Chapter 139
Humphrey stepped in with a perfectly timed explanation. “It was your cousin, Emlen, who pointed the finger at you. He told the cops that you instructed him to steal trade secrets from my phone and sell them to a competitor.”
Trista froze. It felt like a bucket of ice water had been poured down her spine, chilling her to the bone.
Only one thing was clear: Cassian was officially pulling the trigger. He wasn’t letting her go.
Humphrey, usually so careful with his words, couldn’t help but add, “I called the police the second it happened, but there has to be a misunderstanding. Maybe you should just talk to Alpha Cassian and clear the air?”
“Talk to him?” Trista let out a low, humorless laugh.
She’d rather rot in a human holding cell than go back to that “cage” he called a mating.
That was where her wolf truly suffocated.
She hadn’t touched Humphrey’s phone, and she knew it.

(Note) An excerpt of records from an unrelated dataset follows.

(* For $n\ge1$, the number of permutations $\pi\in Av_n(132)$ such that every permutation $\tilde r_\pi(\pi_i)$ ($1\le i\le n$) of size greater than one contains the pattern $231$ equals the coefficient of $x^n$ in $$\frac{1-2x-\sqrt{1-4x+8x^3}}{2x}.$$
   Context: $Av_n(\sigma)$ is the set of permutations of $\{1,\dots,n\}$ avoiding the pattern $\sigma$. For a permutation $\pi=\pi_1\cdots\pi_n$ and an entry $\pi_i$, $r_\pi(\pi_i)$ is the set of entries $\pi_k$ such that $\pi_k\le\pi_i$ and all entries of $\pi$ lying (in position) between $\pi_k$ and $\pi_i$ are $\le\pi_i$ (so $\pi_i\in r_\pi(\pi_i)$); $\tilde r_\pi(\pi_i)$ is the permutation obtained by taking the entries of $r_\pi(\pi_i)$ in their order of appearance in $\pi$ and standardizing them to $1,\dots,|r_\pi(\pi_i)|$. *)

theory Defs
  imports Complex_Main "HOL-Computational_Algebra.Formal_Power_Series"
begin

text \<open>Permutations of {1..n} are lists of length n (one-line notation, 0-indexed positions).\<close>
definition is_perm :: "nat \<Rightarrow> nat list \<Rightarrow> bool" where
  "is_perm n \<pi> \<longleftrightarrow> length \<pi> = n \<and> distinct \<pi> \<and> set \<pi> = {1..n}"

definition contains :: "nat list \<Rightarrow> nat list \<Rightarrow> bool" where
  "contains \<pi> \<sigma> \<longleftrightarrow> (\<exists>idx :: nat \<Rightarrow> nat.
      strict_mono_on {..<length \<sigma>} idx \<and>
      (\<forall>a<length \<sigma>. idx a < length \<pi>) \<and>
      (\<forall>a<length \<sigma>. \<forall>b<length \<sigma>. (\<pi> ! idx a < \<pi> ! idx b \<longleftrightarrow> \<sigma> ! a < \<sigma> ! b)))"

definition Av :: "nat \<Rightarrow> nat list \<Rightarrow> nat list set" where
  "Av n \<sigma> = {\<pi>. is_perm n \<pi> \<and> \<not> contains \<pi> \<sigma>}"

definition r_pos :: "nat list \<Rightarrow> nat \<Rightarrow> nat set" where
  "r_pos \<pi> i = {k. k < length \<pi> \<and> \<pi> ! k \<le> \<pi> ! i \<and>
      (\<forall>j. min k i < j \<and> j < max k i \<longrightarrow> \<pi> ! j \<le> \<pi> ! i)}"

definition standardize :: "nat list \<Rightarrow> nat list" where
  "standardize xs = map (\<lambda>x. card {y \<in> set xs. y \<le> x}) xs"

definition r_tilde :: "nat list \<Rightarrow> nat \<Rightarrow> nat list" where
  "r_tilde \<pi> i = standardize (nths \<pi> (r_pos \<pi> i))"

text \<open>The generating function (1 - 2x - sqrt(1 - 4x + 8x^3)) / (2x), where the square root
  is the formal power series square root with constant term 1.\<close>
definition gf6 :: "real fps" where
  "gf6 = (1 - 2 * fps_X - fps_radical (\<lambda>k x. root k x) 2 (1 - 4 * fps_X + 8 * fps_X ^ 3))
          / (2 * fps_X)"

end

theory Submission
  imports Defs
begin

text \<open>
  Call a permutation \<pi> good if every r_tilde \<pi> i of length greater than one contains 231,
  and let g(n) count the good 132-avoiders of length n.  Cut such a \<pi> at its maximum,
  \<pi> = \<alpha> n \<beta>.  Avoiding 132 forces every entry of \<alpha> to exceed every entry of \<beta>, so \<pi>
  is obtained by gluing a 132-avoider a of length k (shifted up by n-1-k), the entry n, and
  a 132-avoider b of length n-1-k.  The r-set of an entry of \<alpha> or \<beta> never crosses the
  maximum, while the r-set of the maximum is all of \<pi>; hence \<pi> is good iff a and b are
  good and \<pi> itself contains 231.  A good permutation of length at least 2 contains 231
  (look at the r-set of its maximum), so for n \<ge> 3 the last condition is automatic and
  g(n) = \<Sum>k<n. g(k) g(n-1-k), while g(0) = g(1) = 1 and g(2) = 0.  For A = \<Sum> g(n) x^n this
  says x A^2 = A - 1 + 2x^2, i.e. (1 - 2xA)^2 = 1 - 4x + 8x^3, so the given series is A - 1.
\<close>


subsection \<open>Invariance under order isomorphisms\<close>

text \<open>f is strictly order preserving on A, so relabelling the entries of a list by f keeps
  every order-theoretic notion (containment, r-sets, standardization) unchanged.\<close>
definition order_iso_on :: "(nat \<Rightarrow> nat) \<Rightarrow> nat set \<Rightarrow> bool" where
  "order_iso_on f A \<longleftrightarrow> (\<forall>a\<in>A. \<forall>b\<in>A. f a < f b \<longleftrightarrow> a < b)"

lemma order_iso_on_le:
  "order_iso_on f A \<Longrightarrow> a \<in> A \<Longrightarrow> b \<in> A \<Longrightarrow> f a \<le> f b \<longleftrightarrow> a \<le> b"
  unfolding order_iso_on_def by (meson not_le)

lemma order_iso_on_inj: "order_iso_on f A \<Longrightarrow> inj_on f A"
  unfolding order_iso_on_def inj_on_def by (metis nat_neq_iff)

lemma order_iso_on_subset: "order_iso_on f A \<Longrightarrow> B \<subseteq> A \<Longrightarrow> order_iso_on f B"
  unfolding order_iso_on_def by blast

lemma order_iso_on_shift: "order_iso_on (\<lambda>x. x + t) A"
  unfolding order_iso_on_def by auto

lemma contains_map:
  assumes "order_iso_on f (set xs)"
  shows "contains (map f xs) \<sigma> \<longleftrightarrow> contains xs \<sigma>"
proof -
  have "(\<forall>a<length \<sigma>. \<forall>b<length \<sigma>. (map f xs ! idx a < map f xs ! idx b \<longleftrightarrow> \<sigma> ! a < \<sigma> ! b))
     \<longleftrightarrow> (\<forall>a<length \<sigma>. \<forall>b<length \<sigma>. (xs ! idx a < xs ! idx b \<longleftrightarrow> \<sigma> ! a < \<sigma> ! b))"
    if "\<forall>a<length \<sigma>. idx a < length xs" for idx
    using that assms unfolding order_iso_on_def by auto
  then show ?thesis unfolding contains_def by (auto simp del: nth_map)
qed

lemma r_pos_map:
  assumes "order_iso_on f (set xs)" "i < length xs"
  shows "r_pos (map f xs) i = r_pos xs i"
proof -
  have "\<And>j. j < length xs \<Longrightarrow> f (xs ! j) \<le> f (xs ! i) \<longleftrightarrow> xs ! j \<le> xs ! i"
    using assms by (simp add: order_iso_on_le)
  then show ?thesis unfolding r_pos_def using assms(2)
    by (auto simp: max_def min_def split: if_splits)
qed

lemma standardize_map:
  assumes "order_iso_on f (set xs)"
  shows "standardize (map f xs) = standardize xs"
proof -
  have "card {y \<in> set (map f xs). y \<le> f x} = card {y \<in> set xs. y \<le> x}" if x: "x \<in> set xs" for x
  proof -
    have "{y \<in> set (map f xs). y \<le> f x} = f ` {y \<in> set xs. y \<le> x}"
      using assms x by (auto simp: order_iso_on_le)
    moreover have "inj_on f {y \<in> set xs. y \<le> x}"
      using order_iso_on_inj[OF assms] by (rule inj_on_subset) auto
    ultimately show ?thesis by (simp add: card_image)
  qed
  then show ?thesis unfolding standardize_def by simp
qed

She had a clean conscience, and she put her faith in the Alliance and the law–not in a mate who had proven he’d sacrifice her the second it suited him.

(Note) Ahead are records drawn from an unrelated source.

lemma mem_chain_basis_butlast:
  assumes "(n, as, a) \<in> CB (Suc d)"
  shows "(n, butlast as, last as) \<in> CB d"
proof -
  have "as \<noteq> []" using assms by (auto simp: mem_chain_basis)
  then have "last as \<in> set as" by simp
  with assms show ?thesis by (auto simp: mem_chain_basis dest: in_set_butlastD)
qed

lemma bar_boundary_0: "Bd 0 f t = 0"
  unfolding bar_boundary_def chain_basis_def by (rule sum.neutral) (auto simp: bar_bd_Nil)

lemma bar_boundary_diff: "Bd d (\<lambda>t. f t - g t) u = Bd d f u - Bd d g u"
  by (simp add: bar_boundary_def sum_subtractf left_diff_distrib)

lemma Abasis_comp:
  "a \<in> AB \<Longrightarrow> b \<in> AB \<Longrightarrow> snd a = fst b \<Longrightarrow> (fst a, snd b) \<in> AB"
  using le_trans_Qs[of "fst a" "snd a" "snd b"] by (auto simp: Abasis_def)

lemma Abasis_snd_diag: "a \<in> AB \<Longrightarrow> (snd a, snd a) \<in> AB"
  by (auto simp: Abasis_def le_refl_Qs)

lemma bar_bd_target_Abasis:
  assumes s: "(n, as, a) \<in> CB d" and nz: "bd (n, as, a) (n', bs, c) \<noteq> 0"
  shows "c \<in> AB"
proof (rule ccontr)
  assume c: "c \<notin> AB"
  have a: "a \<in> AB" using s by (simp add: mem_chain_basis)
  have "mulA (last as) a c = (0::'k)" if "as \<noteq> []"
  proof -
    have "last as \<in> AB" using s that by (auto simp: mem_chain_basis)
    with a c Abasis_comp[of "last as" a] show ?thesis by (auto simp: mulA_def)
  qed
  moreover have "c \<noteq> a" using a c by auto
  ultimately have "bd (n, as, a) (n', bs, c) = 0"
    by (simp add: bar_bd_def Let_def)
  with nz show False by simp
qed

lemma Nmap_comp:
  assumes "p \<in> Qs" "q \<in> Qs" "r \<in> Qs" "le p q" "le q r" "i < dimN p" "j < dimN r"
  shows "Nmap p r j i = (\<Sum>l<dimN q. Nmap q r j l * Nmap p q l i)"
  using rep assms unfolding is_rep_def by blast

lemma sum_act_act:
  assumes a1: "a1 \<in> AB" and a: "a \<in> AB"
  shows "(\<Sum>m\<in>NB. act n a1 m * act m a n') =
    (if snd a1 = fst a then act n (fst a1, snd a) n' else 0)"
proof (cases "snd a1 = fst a")
  case False
  then have "act n a1 m * act m a n' = 0" for m
    by (auto simp: actN_def)
  with False show ?thesis by (auto intro!: sum.neutral)
next
  case True
  define q where "q = snd a1"
  define G where "G = (fst n = fst a1 \<and> fst n' = snd a \<and> snd n < dimN (fst n) \<and> snd n' < dimN (fst n'))"
  have "(\<Sum>m\<in>NB. act n a1 m * act m a n') = (\<Sum>l<dimN q. act n a1 (q, l) * act (q, l) a n')"
  proof (rule sum_reindex_support[OF finite_Nbasis])
    show "(\<lambda>l. (q, l)) ` {..<dimN q} \<subseteq> NB"
      using a1 by (auto simp: Nbasis_def Abasis_def q_def)
    show "inj_on (\<lambda>l. (q, l)) {..<dimN q}" by (auto simp: inj_on_def)
    fix t assume "t \<in> NB" "t \<notin> (\<lambda>l. (q, l)) ` {..<dimN q}"
    then show "act n a1 t * act t a n' = 0"
      by (cases t) (auto simp: actN_def q_def)
  qed
  also have "\<dots> = (\<Sum>l<dimN q. if G then Nmap q (snd a) (snd n') l * Nmap (fst a1) q l (snd n) else 0)"
    using True unfolding G_def actN_def q_def by (intro sum.cong) (auto simp: mult.commute)
  also have "\<dots> = (if G then Nmap (fst a1) (snd a) (snd n') (snd n) else 0)"
  proof (cases G)
    case G: True
    have "fst a1 \<in> Qs" "q \<in> Qs" "snd a \<in> Qs" "le (fst a1) q" "le q (snd a)"
      using a1 a True by (auto simp: Abasis_def q_def)
    moreover have "snd n < dimN (fst a1)" "snd n' < dimN (snd a)" using G by (auto simp: G_def)
    ultimately show ?thesis
      using G Nmap_comp[of "fst a1" q "snd a" "snd n" "snd n'"] by simp
  qed simp
  also have "\<dots> = (if snd a1 = fst a then act n (fst a1, snd a) n' else 0)"
    using True unfolding actN_def G_def by (cases n; cases n') auto
  finally show ?thesis .
qed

At the officer’s signal, Trista was led out of Waiting Room 2.
In the quiet hallway, a line of Ironthorn alphas and betas in sharp suits stood like sentinels. As she was escorted past, she ran straight into Ulva and Randolph.
They stood a few paces apart, eyes locked.

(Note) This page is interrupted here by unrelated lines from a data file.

lemma polymatroid_add_card:
  assumes "polymatroid E \<rho>" "finite E" "0 \<le> c"
  shows "polymatroid E (\<lambda>X. \<rho> X + c * int (card (X \<inter> C)))"
  unfolding polymatroid_def
proof (intro conjI allI impI)
  show "\<rho> {} + c * int (card ({} \<inter> C)) = 0" using polymatroid_empty[OF assms(1)] by simp
next
  fix X Y assume XY: "X \<subseteq> Y \<and> Y \<subseteq> E"
  then have "card (X \<inter> C) \<le> card (Y \<inter> C)"
    using assms(2) by (meson Int_mono card_mono finite_Int finite_subset order_refl)
  then show "\<rho> X + c * int (card (X \<inter> C)) \<le> \<rho> Y + c * int (card (Y \<inter> C))"
    using polymatroid_mono[OF assms(1)] XY assms(3) by (simp add: add_mono mult_left_mono)
next
  fix X Y assume XY: "X \<subseteq> E \<and> Y \<subseteq> E"
  have "finite (X \<inter> C)" "finite (Y \<inter> C)" using XY assms(2) finite_subset by auto
  moreover have "(X \<union> Y) \<inter> C = (X \<inter> C) \<union> (Y \<inter> C)" "X \<inter> Y \<inter> C = (X \<inter> C) \<inter> (Y \<inter> C)"
    by auto
  ultimately have "int (card ((X \<union> Y) \<inter> C)) + int (card (X \<inter> Y \<inter> C))
      = int (card (X \<inter> C)) + int (card (Y \<inter> C))"
    using int_card_Un_Int by simp
  then have "c * int (card ((X \<union> Y) \<inter> C)) + c * int (card (X \<inter> Y \<inter> C))
      = c * int (card (X \<inter> C)) + c * int (card (Y \<inter> C))"
    by (metis distrib_left)
  moreover have "\<rho> (X \<union> Y) + \<rho> (X \<inter> Y) \<le> \<rho> X + \<rho> Y"
    using polymatroid_submod[OF assms(1)] XY by simp
  ultimately show "\<rho> (X \<union> Y) + c * int (card ((X \<union> Y) \<inter> C)) + (\<rho> (X \<inter> Y) + c * int (card (X \<inter> Y \<inter> C)))
      \<le> \<rho> X + c * int (card (X \<inter> C)) + (\<rho> Y + c * int (card (Y \<inter> C)))"
    by linarith
qed

lemma polymatroid_union_le:
  assumes "polymatroid E \<rho>" "finite W" "W \<subseteq> E" "Z \<subseteq> E" "\<forall>w\<in>W. \<rho> {w} \<le> c"
  shows "\<rho> (Z \<union> W) \<le> \<rho> Z + c * int (card W)"
  using assms(2-5)
proof (induction W rule: finite_induct)
  case empty
  then show ?case by simp
next
  case (insert w W)
  have "\<rho> ((Z \<union> W) \<union> {w}) + \<rho> ((Z \<union> W) \<inter> {w}) \<le> \<rho> (Z \<union> W) + \<rho> {w}"
    by (rule polymatroid_submod[OF assms(1)]) (use insert.prems in auto)
  moreover have "0 \<le> \<rho> ((Z \<union> W) \<inter> {w})"
    by (rule polymatroid_nonneg[OF assms(1)]) (use insert.prems in auto)
  moreover have "Z \<union> insert w W = (Z \<union> W) \<union> {w}" by auto
  ultimately show ?case using insert by (simp add: algebra_simps)
qed

lemma contract_singleton_le:
  assumes "polymatroid E \<rho>" "B \<subseteq> E" "e \<in> E"
  shows "pcontract \<rho> B {e} \<le> \<rho> {e}"
proof -
  have "\<rho> ({e} \<union> B) + \<rho> ({e} \<inter> B) \<le> \<rho> {e} + \<rho> B"
    by (rule polymatroid_submod[OF assms(1)]) (use assms(2,3) in auto)
  moreover have "0 \<le> \<rho> ({e} \<inter> B)" by (rule polymatroid_nonneg[OF assms(1)]) (use assms(3) in auto)
  ultimately show ?thesis unfolding pcontract_def by simp
qed

lemma contract_add_card:
  assumes "finite X" "finite B" "X \<inter> B = {}"
  shows "pcontract (\<lambda>X. \<rho> X + c * int (card X)) B X = pcontract \<rho> B X + c * int (card X)"
  using card_Un_disjoint[OF assms] unfolding pcontract_def by (simp add: algebra_simps)

lemma jdual_singleton_le:
  assumes "polymatroid E \<rho>" "e \<in> E"
  shows "jdual j E \<rho> {e} \<le> int j"
  using polymatroid_mono[OF assms(1), of "E - {e}" E] unfolding jdual_def by simp

lemma jdual_jdual:
  assumes "finite E" "X \<subseteq> E" "\<sigma> {} = 0"
  shows "jdual j E (jdual j E \<sigma>) X = \<sigma> X"
proof -
  have "E - (E - X) = X" using assms(2) by auto
  then show ?thesis
    unfolding jdual_def int_card_Diff_subset[OF assms(1,2)] using assms(3)
    by (simp add: algebra_simps)
qed

lemma jdual_add_card:
  assumes "finite E" "X \<subseteq> E"
  shows "jdual (j + m) E (\<lambda>X. \<sigma> X + int m * int (card X)) X = jdual j E \<sigma> X"
  unfolding jdual_def int_card_Diff_subset[OF assms] by (simp add: algebra_simps)

lemma contract_jdual:
  assumes "finite E" "A \<subseteq> E" "B \<subseteq> E" "A \<inter> B = {}" "X \<subseteq> E - A - B"
  shows "pcontract (jdual j E \<rho>) B X = jdual j (E - A - B) (pcontract \<rho> A) X"
proof -
  have "card (X \<union> B) = card X + card B"
    using assms by (intro card_Un_disjoint) (auto intro: finite_subset)
  moreover have "(E - A - B) \<union> A = E - B" "(E - A - B - X) \<union> A = E - (X \<union> B)"
    using assms by auto
  ultimately show ?thesis unfolding jdual_def pcontract_def by (simp add: algebra_simps)
qed

lemma polymatroid_jdual:
  assumes "polymatroid E \<rho>" "finite E" "\<forall>e\<in>E. \<rho> {e} \<le> int j"
  shows "polymatroid E (jdual j E \<rho>)"
  unfolding polymatroid_def
proof (intro conjI allI impI)
  show "jdual j E \<rho> {} = 0" unfolding jdual_def by simp
next
  fix X Y assume XY: "X \<subseteq> Y \<and> Y \<subseteq> E"
  have "\<rho> ((E - Y) \<union> (Y - X)) \<le> \<rho> (E - Y) + int j * int (card (Y - X))"
    using assms XY by (intro polymatroid_union_le) (auto intro: finite_subset)
  moreover have "(E - Y) \<union> (Y - X) = E - X" using XY by auto
  moreover have "int (card (Y - X)) = int (card Y) - int (card X)"
    using XY assms(2) finite_subset int_card_Diff_subset by blast
  ultimately show "jdual j E \<rho> X \<le> jdual j E \<rho> Y" unfolding jdual_def by (simp add: algebra_simps)
next
  fix X Y assume XY: "X \<subseteq> E \<and> Y \<subseteq> E"
  have "finite X" "finite Y" using XY assms(2) finite_subset by auto
  from int_card_Un_Int[OF this]
  have "int j * int (card (X \<union> Y)) + int j * int (card (X \<inter> Y)) = int j * int (card X) + int j * int (card Y)"
    by (metis distrib_left)
  moreover have "\<rho> (E - (X \<inter> Y)) + \<rho> (E - (X \<union> Y)) \<le> \<rho> (E - X) + \<rho> (E - Y)"
    using polymatroid_submod[OF assms(1), of "E - X" "E - Y"] by (simp add: Diff_Int Diff_Un)
  ultimately show "jdual j E \<rho> (X \<union> Y) + jdual j E \<rho> (X \<inter> Y) \<le> jdual j E \<rho> X + jdual j E \<rho> Y"
    unfolding jdual_def by simp
qed

lemma matroid_rank_iff:
  "matroid_rank E r \<longleftrightarrow> polymatroid E r \<and> (\<forall>X. X \<subseteq> E \<longrightarrow> r X \<le> int (card X))"
proof
  assume "matroid_rank E r"
  moreover from this have "r {} = 0"
    unfolding matroid_rank_def by (metis card.empty empty_subsetI of_nat_0 order_antisym)
  ultimately show "polymatroid E r \<and> (\<forall>X. X \<subseteq> E \<longrightarrow> r X \<le> int (card X))"
    unfolding matroid_rank_def polymatroid_def by simp
qed (auto simp: matroid_rank_def polymatroid_nonneg polymatroid_def)

lemma matroid_rank_singleton:
  assumes "matroid_rank E r" "e \<in> E"
  shows "r {e} = 0 \<or> r {e} = 1"
proof -
  have "0 \<le> r {e}" "r {e} \<le> int (card {e})"
    using assms unfolding matroid_rank_def by auto
  then show ?thesis by auto
qed

lemma matroid_rank_jdual:
  assumes "matroid_rank E r" "finite E"
  shows "matroid_rank E (jdual 1 E r)"
  unfolding matroid_rank_iff
proof
  have "polymatroid E r" "\<forall>e\<in>E. r {e} \<le> 1"
    using assms(1) unfolding matroid_rank_iff by auto
  then show "polymatroid E (jdual 1 E r)" using polymatroid_jdual assms(2) by fastforce
  show "\<forall>X\<subseteq>E. jdual 1 E r X \<le> int (card X)"
    using polymatroid_mono[OF \<open>polymatroid E r\<close>] unfolding jdual_def by auto
qed

lemma matroid_rank_add_coloops:
  assumes "matroid_rank E r" "finite E" "\<forall>c\<in>C. r {c} = 0"
  shows "matroid_rank E (\<lambda>X. r X + int (card (X \<inter> C)))"
  unfolding matroid_rank_iff
proof
  have r: "polymatroid E r" "\<forall>X\<subseteq>E. r X \<le> int (card X)"
    using assms(1) unfolding matroid_rank_iff by auto
  show "polymatroid E (\<lambda>X. r X + int (card (X \<inter> C)))"
    using polymatroid_add_card[OF r(1) assms(2), of 1 C] by simp
  show "\<forall>X\<subseteq>E. r X + int (card (X \<inter> C)) \<le> int (card X)"
  proof (intro allI impI)
    fix X assume X: "X \<subseteq> E"
    then have fin: "finite X" using assms(2) finite_subset by auto
    have "r ((X - C) \<union> (X \<inter> C)) \<le> r (X - C) + 0 * int (card (X \<inter> C))"
      using X assms(3) fin by (intro polymatroid_union_le[OF r(1)]) auto
    moreover have "(X - C) \<union> (X \<inter> C) = X" by auto
    moreover have "r (X - C) \<le> int (card (X - C))" using r(2) X by blast
    moreover have "card X = card (X \<inter> C) + card (X - C)" using card_Int_Diff[OF fin] .
    ultimately show "r X + int (card (X \<inter> C)) \<le> int (card X)" by simp
  qed
qed

lemma in_Dk_iff:
  "in_Dk k E \<rho> \<longleftrightarrow> (\<exists>r. (\<forall>l<k. matroid_rank E (r l)) \<and> (\<forall>X. X \<subseteq> E \<longrightarrow> \<rho> X = (\<Sum>l<k. r l X)))"
proof -
  have "polymatroid E \<rho>"
    if r: "\<forall>l<k. matroid_rank E (r l)" "\<forall>X. X \<subseteq> E \<longrightarrow> \<rho> X = (\<Sum>l<k. r l X)" for r
  proof (rule polymatroid_cong)
    show "polymatroid E (\<lambda>X. \<Sum>l<k. r l X)"
      by (rule polymatroid_sum) (use r(1) in \<open>simp add: matroid_rank_iff\<close>)
    show "(\<Sum>l<k. r l X) = \<rho> X" if "X \<subseteq> E" for X using r(2) that by simp
  qed
  then show ?thesis unfolding in_Dk_def by blast
qed

lemma in_Dk_cong:
  assumes "in_Dk k E \<rho>" "\<And>X. X \<subseteq> E \<Longrightarrow> \<rho> X = \<sigma> X"
  shows "in_Dk k E \<sigma>"
proof -
  obtain r where r: "\<forall>l<k. matroid_rank E (r l)" "\<forall>X. X \<subseteq> E \<longrightarrow> \<rho> X = (\<Sum>l<k. r l X)"
    using assms(1) unfolding in_Dk_iff by blast
  then show ?thesis unfolding in_Dk_iff using assms(2) by (intro exI[of _ r]) simp
qed

lemma in_Dk_kdual:
  assumes "in_Dk k E \<sigma>" "finite E"
  shows "in_Dk k E (jdual k E \<sigma>)"
proof -
  obtain r where r: "\<forall>l<k. matroid_rank E (r l)" "\<forall>X. X \<subseteq> E \<longrightarrow> \<sigma> X = (\<Sum>l<k. r l X)"
    using assms(1) unfolding in_Dk_iff by blast
  have "\<forall>l<k. matroid_rank E (jdual 1 E (r l))" using r(1) matroid_rank_jdual assms(2) by blast
  moreover have "jdual k E \<sigma> X = (\<Sum>l<k. jdual 1 E (r l) X)" for X
  proof -
    have "(\<Sum>l<k. jdual 1 E (r l) X) = int k * int (card X) - (\<Sum>l<k. r l E) + (\<Sum>l<k. r l (E - X))"
      by (simp add: jdual_def sum.distrib sum_subtractf)
    also have "\<dots> = jdual k E \<sigma> X" using r(2) by (simp add: jdual_def)
    finally show ?thesis by simp
  qed
  ultimately show ?thesis unfolding in_Dk_iff by (intro exI[of _ "\<lambda>l. jdual 1 E (r l)"]) simp
qed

Trista’s eyes were bloodshot, and she’d bitten her lip until it bled. Inside her chest, her wolf’s ears were pinned back in defiance, holding back a snarl that refused to break.
She walked right past Cassian. Even when the hem of her coat brushed through his scent, she didn’t slow down for a heartbeat.
And Cassian didn’t lift a finger to stop her.
The termination hearing Trista had spent months praying for ended before it even began–with her in handcuffs.
That night, at the Ironthorn pack boundary, a black SUV was stopped at the gates.
Two older werewolves stood in the glare of the headlights, their clothes fluttering in the wind, but they didn’t budge.
Cassian climbed out, suppressing his aura out of respect.
Randolph’s eyes were shot through with red. He pointed a trembling finger at Cassian, his voice hoarse with suppressed rage. “What the hell did my daughter do to deserve you putting her in prison?”
Cassian’s expression didn’t flicker. He looked like he’d rehearsed for this exact confrontation a thousand times. “I didn’t put Trista in custody. Her cousin, Emlen, identified her as the one behind the data theft. The police are just following procedure.”
Ulva looked like she’d been hollowed out by grief. “That’s impossible. Emlen is a good, honest kid. He would never accuse Trista of a crime.”